Original GR was also a film camera, also smaller than it digital buddy.
'Smallness' of todays mirrorless is an illusion, as long as one believes in it and never explore more. For some reason people have forgotten a whole array of 35mm film cameras made in 1990s that were very small and pocketable.
Problem is because — for some strange reason — people have identified DSLR with digital photography, and therefore look for
smaller substitutes. But even in SLR days,
pocket film cameras outsold sales of SLR by a wide margin!
In just a few of years, Olympus sold over 10 million of Mju/Stylus cameras! They were so popular, like iPhones today.
And that was, like, a decade or more worth of production of SLR cameras by Canon. And no one back then ever worried about "will SLR go the way of dinosaurs". No, because it would be a silly presumption. Photography existed for a long time. People never looked at stupid statistics fed to us by kids who pretend to be "digital gurus".
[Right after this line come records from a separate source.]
lemma sum_struct_const_card_self_embeddings:
  assumes c: "c \<in> classes" and d: "d \<in> classes" and y: "y \<in> Gr l"
  shows "(\<Sum>e\<in>classes_of l. struct_const c d e * card {\<sigma> \<in> embeddings l l. push l \<sigma> (rep e) = y})
       = covering_count (fst c) (fst d) l (rep c) (rep d) y"
proof -
  let ?e = "(l, Korbit l y)" and ?cnt = "covering_count (fst c) (fst d) l (rep c) (rep d)"
  have e_cls: "?e \<in> classes" using y unfolding classes_def by blast
  then have e: "?e \<in> classes_of l" by (simp add: classes_of_def)
  have g: "rep ?e \<in> Gr l" using rep_in_Gr[of ?e] e by (simp add: classes_of_def)
  obtain t0 where t0: "t0 \<in> Sym l" "y = conjK t0 (rep ?e)"
    using class_eq_Korbit_rep[of ?e] e mem_Korbit_self[of y l]
    unfolding classes_of_def Korbit_def by auto
  have "(\<Sum>e'\<in>classes_of l. struct_const c d e' * card {\<sigma> \<in> embeddings l l. push l \<sigma> (rep e') = y})
      = (\<Sum>e'\<in>classes_of l. if e' = ?e then struct_const c d e' * card (stabilizer l (rep e')) else 0)"
  proof (rule sum.cong[OF refl])
    fix e' assume "e' \<in> classes_of l"
    then have "e' \<in> classes" "fst e' = l" by (simp_all add: classes_of_def)
    then show "struct_const c d e' * card {\<sigma> \<in> embeddings l l. push l \<sigma> (rep e') = y}
        = (if e' = ?e then struct_const c d e' * card (stabilizer l (rep e')) else 0)"
      using card_self_embeddings_rep[of e' y] y by simp
  qed
  also have "\<dots> = struct_const c d ?e * card (stabilizer l (rep ?e))"
    using e by (simp add: sum.delta[OF finite_classes_of])
  also have "\<dots> = ?cnt (rep ?e) div card (stabilizer l (rep ?e)) * card (stabilizer l (rep ?e))"
    using c d e_cls by (simp add: struct_const_def)
  also have "\<dots> = ?cnt (rep ?e)"
    using card_stabilizer_dvd_covering_count rep_in_Gr c d by simp
  also have "\<dots> = ?cnt y"
    using covering_count_conjK[OF t0(1) rep_in_Gr[OF c] rep_in_Gr[OF d], of "rep ?e"]
    by (simp only: t0(2)[symmetric])
  finally show ?thesis .
qed

lemma card_covering_pairs_eq_sum_struct_const:
  assumes c: "c \<in> classes" and d: "d \<in> classes"
  shows "card {\<alpha> \<in> covering_pairs (fst c) (fst d) l.
                H (push_product (fst c) (fst d) (rep c) (rep d) \<alpha>) = x}
       = (\<Sum>e\<in>classes_of l. struct_const c d e * card {\<sigma> \<in> embeddings l l. H (push l \<sigma> (rep e)) = x})"
proof -
  let ?j = "fst c" and ?k = "fst d" and ?g = "rep c" and ?g' = "rep d"
  let ?Y = "{y \<in> Gr l. H y = x}"
  have g: "?g \<in> Gr ?j" "?g' \<in> Gr ?k" using rep_in_Gr c d by auto
  have "card {\<alpha> \<in> covering_pairs ?j ?k l. H (push_product ?j ?k ?g ?g' \<alpha>) = x}
      = (\<Sum>y\<in>?Y. covering_count ?j ?k l ?g ?g' y)"
    unfolding covering_count_def using push_product_closed[OF _ g]
    by (intro card_Collect_eq_sum_card_fibres finite_covering_pairs finite_Gr)
      (auto simp: covering_pairs_def)
  also have "\<dots> = (\<Sum>y\<in>?Y. \<Sum>e\<in>classes_of l.
      struct_const c d e * card {\<sigma> \<in> embeddings l l. push l \<sigma> (rep e) = y})"
    using sum_struct_const_card_self_embeddings[OF c d] by simp
  also have "\<dots> = (\<Sum>e\<in>classes_of l.
      struct_const c d e * (\<Sum>y\<in>?Y. card {\<sigma> \<in> embeddings l l. push l \<sigma> (rep e) = y}))"
    by (simp add: sum.swap[of _ ?Y] sum_distrib_left)
  also have "\<dots> = (\<Sum>e\<in>classes_of l.
      struct_const c d e * card {\<sigma> \<in> embeddings l l. H (push l \<sigma> (rep e)) = x})"
  proof (rule sum.cong[OF refl])
    fix e assume "e \<in> classes_of l"
    then have "rep e \<in> Gr l" using rep_in_Gr[of e] by (simp add: classes_of_def)
    then have "(\<lambda>\<sigma>. push l \<sigma> (rep e)) ` embeddings l l \<subseteq> Gr l"
      using push_embedding_closed by blast
    then have "card {\<sigma> \<in> embeddings l l. H (push l \<sigma> (rep e)) = x}
        = (\<Sum>y\<in>?Y. card {\<sigma> \<in> embeddings l l. push l \<sigma> (rep e) = y})"
      by (rule card_Collect_eq_sum_card_fibres[OF finite_embeddings finite_Gr])
    then show "struct_const c d e * (\<Sum>y\<in>?Y. card {\<sigma> \<in> embeddings l l. push l \<sigma> (rep e) = y})
        = struct_const c d e * card {\<sigma> \<in> embeddings l l. H (push l \<sigma> (rep e)) = x}"
      by simp
  qed
  finally show ?thesis .
qed

lemma card_covering_pairs_eq_sum_classes_upto:
  assumes c: "c \<in> classes" and d: "d \<in> classes" and M: "fst c + fst d \<le> M"
  shows "card {\<alpha> \<in> covering_pairs (fst c) (fst d) l.
                H (push_product (fst c) (fst d) (rep c) (rep d) \<alpha>) = x}
       = (\<Sum>e\<in>classes_upto M. struct_const c d e *
            (if fst e = l then card {\<sigma> \<in> embeddings l l. H (push l \<sigma> (rep e)) = x} else 0))"
proof (cases "l \<le> M")
  case True
  have "{e \<in> classes_upto M. fst e = l} = classes_of l"
    using True unfolding classes_upto_def classes_of_def by auto
  then show ?thesis
    using card_covering_pairs_eq_sum_struct_const[OF c d]
    by (simp add: if_distrib[of "(*) _"] sum.If_cases[OF finite_classes_upto] Int_def)
next
  case False
  then have "covering_pairs (fst c) (fst d) l = {}" using M by (intro covering_pairs_empty) simp
  moreover have "fst e \<noteq> l" if "e \<in> classes_upto M" for e
    using that False by (auto simp: classes_upto_def)
  ultimately show ?thesis by simp
qed

lemma card_covering_pairs_zero:
  "card {\<alpha> \<in> covering_pairs l 0 m. R (fst \<alpha>)} = (if m = l then card {\<sigma> \<in> embeddings l l. R \<sigma>} else 0)"
proof (cases "m = l")
  case True
  have "{\<alpha> \<in> covering_pairs l 0 m. R (fst \<alpha>)} = {\<sigma> \<in> embeddings l l. R \<sigma>} \<times> embeddings 0 l"
  proof
    show "{\<alpha> \<in> covering_pairs l 0 m. R (fst \<alpha>)} \<subseteq> {\<sigma> \<in> embeddings l l. R \<sigma>} \<times> embeddings 0 l"
      unfolding covering_pairs_def True by auto
    show "{\<sigma> \<in> embeddings l l. R \<sigma>} \<times> embeddings 0 l \<subseteq> {\<alpha> \<in> covering_pairs l 0 m. R (fst \<alpha>)}"
    proof
      fix \<alpha> assume "\<alpha> \<in> {\<sigma> \<in> embeddings l l. R \<sigma>} \<times> embeddings 0 l"
      then have a: "fst \<alpha> \<in> embeddings l l" "R (fst \<alpha>)" "snd \<alpha> \<in> embeddings 0 l" by auto
      have "joint_image l 0 \<alpha> = {1..l}"
        unfolding joint_image_def using image_self_embedding[OF a(1)] by simp
      then show "\<alpha> \<in> {\<alpha> \<in> covering_pairs l 0 m. R (fst \<alpha>)}"
        unfolding covering_pairs_def True using a by (simp add: mem_Times_iff)
    qed
  qed
  then show ?thesis using True by (simp add: card_cartesian_product embeddings_0)
next
  case False
  have "card {1..m} = card {1..l}" if "\<alpha> \<in> covering_pairs l 0 m" for \<alpha>
  proof -
    have "{1..m} = fst \<alpha> ` {1..l}" "inj_on (fst \<alpha>) {1..l}"
      using that embeddingsD(1) by (auto simp: covering_pairs_def joint_image_def)
    then show ?thesis by (simp add: card_image)
  qed
  then have "covering_pairs l 0 m = {}" using False by fastforce
  then show ?thesis using False by simp
qed

lemma AN_eq_sum_subsets:
  assumes e: "e \<in> classes"
  shows "AN N e x = of_nat (\<Sum>U\<in>Pow {1..N}. if fst e = card U
     then card {\<sigma> \<in> embeddings (card U) (card U).
                push (card U) (enum_set U) (push (card U) \<sigma> (rep e)) = x}
     else 0)"
proof -
  let ?l = "fst e" and ?g = "rep e"
  let ?Q = "\<lambda>\<iota>. push ?l (fst \<iota>) ?g = x"
  have g: "?g \<in> Gr ?l" using rep_in_Gr[OF e] .
  \<comment> \<open>an embedding is a pair whose second component lies in the one-point set \<open>embeddings 0 N\<close>\<close>
  have "card {\<kappa> \<in> embeddings ?l N. push ?l \<kappa> ?g = x}
      = card ({\<kappa> \<in> embeddings ?l N. push ?l \<kappa> ?g = x} \<times> embeddings 0 N)"
    by (simp add: card_cartesian_product embeddings_0)
  also have "{\<kappa> \<in> embeddings ?l N. push ?l \<kappa> ?g = x} \<times> embeddings 0 N
      = {\<iota> \<in> embeddings ?l N \<times> embeddings 0 N. ?Q \<iota>}"
    by auto
  also have "card \<dots> = (\<Sum>U\<in>Pow {1..N}.
      card {\<alpha> \<in> covering_pairs ?l 0 (card U). ?Q (compose_pair ?l 0 (enum_set U) \<alpha>)})"
    by (rule card_pairs_eq_sum_covering_pairs)
  also have "\<dots> = (\<Sum>U\<in>Pow {1..N}. if ?l = card U
      then card {\<sigma> \<in> embeddings (card U) (card U).
                 push (card U) (enum_set U) (push (card U) \<sigma> ?g) = x}
      else 0)"
  proof (rule sum.cong[OF refl])
    fix U assume "U \<in> Pow {1..N}"
    then have inj: "inj_on (enum_set U) {1..card U}" using inj_on_enum_set[of U N] by simp
    let ?R = "\<lambda>\<sigma>. push (card U) (enum_set U) (push ?l \<sigma> ?g) = x"
    have "?Q (compose_pair ?l 0 (enum_set U) \<alpha>) \<longleftrightarrow> ?R (fst \<alpha>)"
      if "\<alpha> \<in> covering_pairs ?l 0 (card U)" for \<alpha>
    proof -
      have "fst \<alpha> \<in> embeddings ?l (card U)" using that by (auto simp: covering_pairs_def)
      then show ?thesis using push_push[OF _ inj g] by (simp add: compose_pair_def)
    qed
    then have "card {\<alpha> \<in> covering_pairs ?l 0 (card U). ?Q (compose_pair ?l 0 (enum_set U) \<alpha>)}
        = card {\<alpha> \<in> covering_pairs ?l 0 (card U). ?R (fst \<alpha>)}"
      by (intro arg_cong[where f = card]) auto
    then show "card {\<alpha> \<in> covering_pairs ?l 0 (card U). ?Q (compose_pair ?l 0 (enum_set U) \<alpha>)}
        = (if ?l = card U then card {\<sigma> \<in> embeddings (card U) (card U).
             push (card U) (enum_set U) (push (card U) \<sigma> ?g) = x} else 0)"
      using card_covering_pairs_zero[of ?l "card U" ?R] by auto
  qed
  finally show ?thesis by (simp add: AN_eq_card_embeddings[OF e])
qed
text \<open>Hom-coassociativity solved for \<open>(id \<otimes> \<Delta>) \<Delta>\<close>.\<close>

lemma comult_coassoc_id_left:
  "tmap id \<Delta> (\<Delta> c) = reassoc (tmap (tmap (\<alpha>pow (-1)) id) \<alpha> (tmap \<Delta> id (\<Delta> c)))"
proof -
  have alpha_inverse: "\<alpha>pow (-1) \<circ> \<alpha> = id"
    by (simp add: fun_eq_iff alpha_as_pow)
  have "tmap id \<Delta> (\<Delta> c) = tmap (\<alpha>pow (-1)) id (tmap \<alpha> \<Delta> (\<Delta> c))"
    by (simp add: tmap_comp alpha_inverse)
  also have "\<dots> = tmap (\<alpha>pow (-1)) id (reassoc (tmap \<Delta> \<alpha> (\<Delta> c)))"
    by (simp add: comult_hom_coassoc)
  also have "\<dots> = reassoc (tmap (tmap (\<alpha>pow (-1)) id) id (tmap \<Delta> \<alpha> (\<Delta> c)))"
    by (simp add: tmap_reassoc tmap_id)
  also have "\<dots> = reassoc (tmap (tmap (\<alpha>pow (-1)) id) \<alpha> (tmap \<Delta> id (\<Delta> c)))"
    by (simp add: tmap_comp)
  finally show ?thesis .
qed

definition eps_left :: "('h \<times> 'x \<Rightarrow> 'k) \<Rightarrow> ('x \<Rightarrow> 'k)" where
  "eps_left w = (\<lambda>x. \<epsilon> (\<lambda>h. w (h, x)))"

definition eps_right :: "('x \<times> 'h \<Rightarrow> 'k) \<Rightarrow> ('x \<Rightarrow> 'k)" where
  "eps_right w = (\<lambda>x. \<epsilon> (\<lambda>h. w (x, h)))"

lemma lin_eps_left [simp]: "lin eps_left"
  and lin_eps_right [simp]: "lin eps_right"
  by (simp_all add: lin_def eps_left_def eps_right_def counit_add counit_scale)

lemma counit_scale_right: "\<epsilon> (\<lambda>a. x a * c) = \<epsilon> x * c"
proof -
  have "(\<lambda>a. x a * c) = (\<lambda>a. c * x a)" by (simp add: fun_eq_iff mult.commute)
  then show ?thesis by (simp add: counit_scale mult.commute)
qed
Also SLR was the only design CAPABLE of smooth transition from film to digital without a major overhaul. Because it is a solid design based on lots of common sense, long evolution, strict adherence to laws of optics. It is uncompromising design that works in film, works on digital. It doesn't bend the rules and introduces compromises like today's mirorless systems. SLR kept the same experience in digital. We have established photography outpost on the digital beach first thanks to SLRs.
So will today's "mirrorless" outsell DSLRs? It is only natural to happen, sooner or later, despite annoying smartphones.
And it is natural to happen. As to Olympus to sell 10 million of m4/3 cameras in a few of years ... ah, hardly.
Those times are gone.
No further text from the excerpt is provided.